SOURCE MATERIAL.
(* Let $F$ and $G$ be experiments on the state space $\Theta=\{\theta_0,\ldots,\theta_n\}$ with densities $f(\cdot\mid\theta)$ on $\mathcal{X}$ and $g(\cdot\mid\theta)$ on $\mathcal{Y}$, and assume $f(x\mid\theta_0)>0$ for all $x\in\mathcal{X}$ and $g(y\mid\theta_0)>0$ for all $y\in\mathcal{Y}$. Then $F\succeq_{\textup{LB}}G$ if and only if $\boldsymbol{\ell}_F\succeq_{\textup{lcx}}\boldsymbol{\ell}_G$.
   Context: States: $\Theta=\{\theta_0,\ldots,\theta_n\}\subset\mathbb{R}$. An experiment $F$ specifies, for each $\theta$, an absolutely continuous distribution $F(\cdot\mid\theta)$ with density $f(\cdot\mid\theta)$ of a signal $X$ in a compact interval $\mathcal{X}$; likewise $G$ with densities $g(\cdot\mid\theta)$ of a signal $Y$ in a compact interval $\mathcal{Y}$. Let $\widehat{\Delta}_n=\{\boldsymbol{q}\in[0,1]^n:\sum_{i=1}^n q_i\le1\}$; a prior $\boldsymbol{q}$ puts probability $q_i$ on $\theta_i$, $i\ge1$, and $q_0=1-\sum_i q_i$ on $\theta_0$. The posterior vector is $\boldsymbol{p}_F(x;\boldsymbol{q})=(p_{F,i}(x;\boldsymbol{q}))_{i=1}^n$ with $p_{F,i}(x;\boldsymbol{q})=q_if(x\mid\theta_i)/\sum_{j=0}^nq_jf(x\mid\theta_j)$, and $\boldsymbol{p}_F(\boldsymbol{q})$ is the random vector $\boldsymbol{p}_F(X;\boldsymbol{q})$ with $X$ distributed according to the unconditional distribution $\sum_j q_jF(\cdot\mid\theta_j)$ (analogously for $G$). For random vectors with equal means, $\boldsymbol{\mu}\succeq_{\textup{cx}}\boldsymbol{\nu}$ means $\mathbb{E}[C(\boldsymbol{\mu})]\ge\mathbb{E}[C(\boldsymbol{\nu})]$ for all convex $C$, and $\boldsymbol{\mu}\succeq_{\textup{lcx}}\boldsymbol{\nu}$ means $\boldsymbol{b}\cdot\boldsymbol{\mu}\succeq_{\textup{cx}}\boldsymbol{b}\cdot\boldsymbol{\nu}$ for all $\boldsymbol{b}\in\mathbb{R}^n$. $F\succeq_{\textup{LB}}G$ means $\boldsymbol{p}_F(\boldsymbol{q})\succeq_{\textup{lcx}}\boldsymbol{p}_G(\boldsymbol{q})$ for all $\boldsymbol{q}\in\widehat{\Delta}_n$. Likelihood ratios: $l_{F,i}(x)=f(x\mid\theta_i)/f(x\mid\theta_0)$, $\boldsymbol{\ell}_F(x)=(l_{F,1}(x),\ldots,l_{F,n}(x))$, and $\boldsymbol{\ell}_F$ denotes the random vector $\boldsymbol{\ell}_F(X)$ with $X\sim F(\cdot\mid\theta_0)$; analogously $\boldsymbol{\ell}_G=\boldsymbol{\ell}_G(Y)$ with $Y\sim G(\cdot\mid\theta_0)$, $l_{G,i}=g(\cdot\mid\theta_i)/g(\cdot\mid\theta_0)$. *)

theory Defs
  imports "HOL-Analysis.Analysis"
begin

text \<open>States are indexed by 0..n (state i = theta_i). Vectors in R^n are functions
  nat => real of which only the coordinates 1..n matter.\<close>

definition sig_space :: "real \<Rightarrow> real \<Rightarrow> real measure" where
  "sig_space a b = restrict_space lborel {a..b}"

definition is_experiment :: "nat \<Rightarrow> real \<Rightarrow> real \<Rightarrow> (nat \<Rightarrow> real \<Rightarrow> real) \<Rightarrow> bool" where
  "is_experiment n a b f \<longleftrightarrow> a \<le> b \<and>
     (\<forall>i\<le>n. f i \<in> borel_measurable (sig_space a b) \<and> (\<forall>x\<in>{a..b}. 0 \<le> f i x) \<and>
        (\<integral>\<^sup>+ x. ennreal (f i x) \<partial>sig_space a b) = 1)"

definition priors :: "nat \<Rightarrow> (nat \<Rightarrow> real) set" where
  "priors n = {q. (\<forall>i\<in>{1..n}. 0 \<le> q i \<and> q i \<le> 1) \<and> (\<Sum>i=1..n. q i) \<le> 1}"

definition full_prior :: "nat \<Rightarrow> (nat \<Rightarrow> real) \<Rightarrow> nat \<Rightarrow> real" where
  "full_prior n q j = (if j = 0 then 1 - (\<Sum>i=1..n. q i) else q j)"

definition uncond :: "nat \<Rightarrow> real \<Rightarrow> real \<Rightarrow> (nat \<Rightarrow> real \<Rightarrow> real) \<Rightarrow> (nat \<Rightarrow> real) \<Rightarrow> real measure" where
  "uncond n a b f q = density (sig_space a b) (\<lambda>x. ennreal (\<Sum>j\<le>n. full_prior n q j * f j x))"

definition posterior :: "nat \<Rightarrow> (nat \<Rightarrow> real \<Rightarrow> real) \<Rightarrow> (nat \<Rightarrow> real) \<Rightarrow> real \<Rightarrow> nat \<Rightarrow> real" where
  "posterior n f q x i = q i * f i x / (\<Sum>j\<le>n. full_prior n q j * f j x)"

definition lratio :: "(nat \<Rightarrow> real \<Rightarrow> real) \<Rightarrow> real \<Rightarrow> nat \<Rightarrow> real" where
  "lratio f x i = f i x / f 0 x"

definition state0 :: "real \<Rightarrow> real \<Rightarrow> (nat \<Rightarrow> real \<Rightarrow> real) \<Rightarrow> real measure" where
  "state0 a b f = density (sig_space a b) (\<lambda>x. ennreal (f 0 x))"

text \<open>Extended-real expectation E[h] = E[h^+] - E[h^-] (well-defined in (-inf,+inf]
  whenever the negative part is integrable, e.g. for h = C o Z with C convex and Z integrable).\<close>
definition ext_expect :: "'a measure \<Rightarrow> ('a \<Rightarrow> real) \<Rightarrow> ereal" where
  "ext_expect M h = enn2ereal (\<integral>\<^sup>+ x. ennreal (h x) \<partial>M) - enn2ereal (\<integral>\<^sup>+ x. ennreal (- h x) \<partial>M)"

definition cx_ge :: "'a measure \<Rightarrow> ('a \<Rightarrow> real) \<Rightarrow> 'b measure \<Rightarrow> ('b \<Rightarrow> real) \<Rightarrow> bool" where
  "cx_ge M X N Y \<longleftrightarrow> integrable M X \<and> integrable N Y \<and>
     integral\<^sup>L M X = integral\<^sup>L N Y \<and>
     (\<forall>C::real \<Rightarrow> real. convex_on UNIV C \<longrightarrow> ext_expect M (C \<circ> X) \<ge> ext_expect N (C \<circ> Y))"

definition lcx_ge :: "nat \<Rightarrow> 'a measure \<Rightarrow> ('a \<Rightarrow> nat \<Rightarrow> real) \<Rightarrow> 'b measure \<Rightarrow> ('b \<Rightarrow> nat \<Rightarrow> real) \<Rightarrow> bool" where
  "lcx_ge n M X N Y \<longleftrightarrow>
     (\<forall>c::nat \<Rightarrow> real. cx_ge M (\<lambda>x. \<Sum>i=1..n. c i * X x i) N (\<lambda>y. \<Sum>i=1..n. c i * Y y i))"

definition LB_ge :: "nat \<Rightarrow> real \<Rightarrow> real \<Rightarrow> (nat \<Rightarrow> real \<Rightarrow> real) \<Rightarrow> real \<Rightarrow> real \<Rightarrow> (nat \<Rightarrow> real \<Rightarrow> real) \<Rightarrow> bool" where
  "LB_ge n a b f c d g \<longleftrightarrow>
     (\<forall>q\<in>priors n. lcx_ge n (uncond n a b f q) (posterior n f q) (uncond n c d g q) (posterior n g q))"

end

theory Submission
  imports Defs "HOL-Probability.Probability_Measure"
begin

text \<open>For real random variables with equal means, the convex order coincides with the
  stop-loss order \<open>E (Y - t)\<^sup>+ \<le> E (X - t)\<^sup>+\<close>: hinges are convex, and conversely every
  convex function is the pointwise limit of maxima of finitely many supporting lines, each of
  which is an affine function plus a nonnegative combination of hinges, so Fatou's lemma
  transfers the inequality.

  Under the unconditional law with prior \<open>q\<close>, the stop-loss transform of \<open>\<beta> \<bullet> p\<^sub>F(q)\<close> at \<open>t\<close>
  is \<open>\<integral> (\<Sum>\<^sub>i w\<^sub>i f(x|\<theta>\<^sub>i) + w\<^sub>0 f(x|\<theta>\<^sub>0))\<^sup>+ dx\<close> with \<open>w\<^sub>i = (\<beta>\<^sub>i - t) q\<^sub>i\<close> and
  \<open>w\<^sub>0 = -t q\<^sub>0\<close>; under \<open>F(\<cdot>|\<theta>\<^sub>0)\<close>, that of \<open>\<beta> \<bullet> \<ell>\<^sub>F\<close> is the same integral with
  \<open>w = \<beta>\<close> and \<open>w\<^sub>0 = -t\<close>. Already the uniform prior makes the first family of coefficients
  exhaust all \<open>(w, w\<^sub>0)\<close>, so both orders say that this integral is larger for \<open>F\<close> than
  for \<open>G\<close>, for every \<open>(w, w\<^sub>0)\<close>.\<close>

definition left_deriv :: "(real \<Rightarrow> real) \<Rightarrow> real \<Rightarrow> real" where
  "left_deriv C t = (SUP h\<in>{0<..}. (C t - C (t - h)) / h)"

definition support_line :: "(real \<Rightarrow> real) \<Rightarrow> real \<Rightarrow> real \<Rightarrow> real" where
  "support_line C t z = C t + left_deriv C t * (z - t)"

lemma convex_on_slope_mono:
  fixes C :: "real \<Rightarrow> real"
  assumes "convex_on UNIV C" "x < y" "y < z"
  shows "(C y - C x) / (y - x) \<le> (C z - C y) / (z - y)"
proof -
  have "(C x - C y) / (x - y) \<le> (C y - C z) / (y - z)"
    using convex_on_slope_le[OF assms(1) _ _ assms(2,3)] by fastforce
  then show ?thesis
    by (metis minus_diff_eq minus_divide_divide)
qed

lemma slope_le_left_deriv:
  fixes C :: "real \<Rightarrow> real"
  assumes "convex_on UNIV C" "h > 0"
  shows "(C t - C (t - h)) / h \<le> left_deriv C t"
  unfolding left_deriv_def
proof (rule cSup_upper)
  show "bdd_above ((\<lambda>h. (C t - C (t - h)) / h) ` {0<..})"
    using convex_on_slope_mono[OF assms(1), of "t - _" t "t + 1"]
    by (intro bdd_aboveI2[where M = "C (t + 1) - C t"]) auto
qed (use assms in auto)

lemma left_deriv_le_slope:
  fixes C :: "real \<Rightarrow> real"
  assumes "convex_on UNIV C" "k > 0"
  shows "left_deriv C t \<le> (C (t + k) - C t) / k"
  unfolding left_deriv_def
  using convex_on_slope_mono[OF assms(1), of "t - _" t "t + k"] assms(2)
  by (intro cSup_least) auto

lemma support_line_le:
  fixes C :: "real \<Rightarrow> real"
  assumes "convex_on UNIV C"
  shows "support_line C t z \<le> C z"
proof (cases z t rule: linorder_cases)
  case less
  then have "(C t - C z) / (t - z) \<le> left_deriv C t"
    using slope_le_left_deriv[OF assms, of "t - z" t] by simp
  with less show ?thesis
    unfolding support_line_def by (simp add: divide_le_eq algebra_simps)
next
  case greater
  then have "left_deriv C t \<le> (C z - C t) / (z - t)"
    using left_deriv_le_slope[OF assms, of "z - t" t] by simp
  with greater show ?thesis
    unfolding support_line_def by (simp add: le_divide_eq algebra_simps)
qed (simp add: support_line_def)

lemma left_deriv_mono:
  fixes C :: "real \<Rightarrow> real"
  assumes "convex_on UNIV C" "s \<le> s'"
  shows "left_deriv C s \<le> left_deriv C s'"
  using left_deriv_le_slope[OF assms(1), of "s' - s" s] slope_le_left_deriv[OF assms(1), of "s' - s" s']
    assms(2) by (cases "s = s'") auto

lemma support_line_le_right:
  fixes C :: "real \<Rightarrow> real"
  assumes "convex_on UNIV C" "s \<le> s'" "s' \<le> z"
  shows "support_line C s z \<le> support_line C s' z"
proof -
  have "support_line C s' z - support_line C s z
      = (C s' - support_line C s s') + (left_deriv C s' - left_deriv C s) * (z - s')"
    unfolding support_line_def by (simp add: algebra_simps)
  moreover have "0 \<le> (left_deriv C s' - left_deriv C s) * (z - s')"
    using left_deriv_mono[OF assms(1,2)] assms(3) by simp
  ultimately show ?thesis
    using support_line_le[OF assms(1), of s s'] by linarith
qed

lemma support_line_le_left:
  fixes C :: "real \<Rightarrow> real"
  assumes "convex_on UNIV C" "s \<le> s'" "z \<le> s"
  shows "support_line C s' z \<le> support_line C s z"
proof -
  have "support_line C s z - support_line C s' z
      = (C s - support_line C s' s) + (left_deriv C s' - left_deriv C s) * (s - z)"
    unfolding support_line_def by (simp add: algebra_simps)
  moreover have "0 \<le> (left_deriv C s' - left_deriv C s) * (s - z)"
    using left_deriv_mono[OF assms(1,2)] assms(3) by simp
  ultimately show ?thesis
    using support_line_le[OF assms(1), of s' s] by linarith
qed

fun support_hinges :: "(real \<Rightarrow> real) \<Rightarrow> real list \<Rightarrow> real \<Rightarrow> real" where
  "support_hinges C (t # t' # ts) z =
     max 0 (support_line C t' z - support_line C t z) + support_hinges C (t' # ts) z"
| "support_hinges C _ z = 0"

text \<open>For sorted \<open>ts\<close> this is the maximum of the supporting lines at the points of \<open>ts\<close>,
  written as an affine function plus a sum of hinges \<open>max 0 (\<alpha> * z + \<beta>)\<close>.\<close>
definition support_env :: "(real \<Rightarrow> real) \<Rightarrow> real list \<Rightarrow> real \<Rightarrow> real" where
  "support_env C ts z = support_line C (hd ts) z + support_hinges C ts z"

lemma support_hinges_nonneg: "support_hinges C ts z \<ge> 0"
  by (induction C ts z rule: support_hinges.induct) auto

lemma support_hinges_eq_0:
  assumes "convex_on UNIV C" "sorted (t # ts)" "z \<le> t"
  shows "support_hinges C (t # ts) z = 0"
  using assms(2,3)
proof (induction ts arbitrary: t)
  case (Cons t' ts)
  then show ?case
    using support_line_le_left[OF assms(1), of t t' z] by auto
qed simp

lemma support_env_le:
  fixes C :: "real \<Rightarrow> real"
  assumes cvx: "convex_on UNIV C" and "sorted ts"
  shows "support_env C ts z \<le> C z"
proof -
  have "support_line C t z + support_hinges C (t # ts) z \<le> C z" if "sorted (t # ts)" for t ts
    using that
  proof (induction ts arbitrary: t)
    case Nil
    then show ?case using support_line_le[OF cvx] by simp
  next
    case (Cons t' ts)
    show ?case
    proof (cases "t' \<le> z")
      case True
      then have "support_line C t z \<le> support_line C t' z"
        using support_line_le_right[OF cvx, of t t' z] Cons.prems by simp
      then show ?thesis using Cons by simp
    next
      case False
      then have "support_hinges C (t' # ts) z = 0"
        using support_hinges_eq_0[OF cvx, of t' ts z] Cons.prems by simp
      then show ?thesis using support_line_le[OF cvx, of t z] support_line_le[OF cvx, of t' z] by simp
    qed
  qed
  then show ?thesis
    using assms(2) support_line_le[OF cvx] by (cases ts) (auto simp: support_env_def)
qed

TASK PROMPT. List all lines above in which the string "assumes" appears.

TASK RESPONSE.
  assumes "convex_on UNIV C" "x < y" "y < z"
  assumes "convex_on UNIV C" "h > 0"
  assumes "convex_on UNIV C" "k > 0"
  assumes "convex_on UNIV C"
  assumes "convex_on UNIV C" "s \<le> s'"
  assumes "convex_on UNIV C" "s \<le> s'" "s' \<le> z"
  assumes "convex_on UNIV C" "s \<le> s'" "z \<le> s"
  assumes "convex_on UNIV C" "sorted (t # ts)" "z \<le> t"
  assumes cvx: "convex_on UNIV C" and "sorted ts"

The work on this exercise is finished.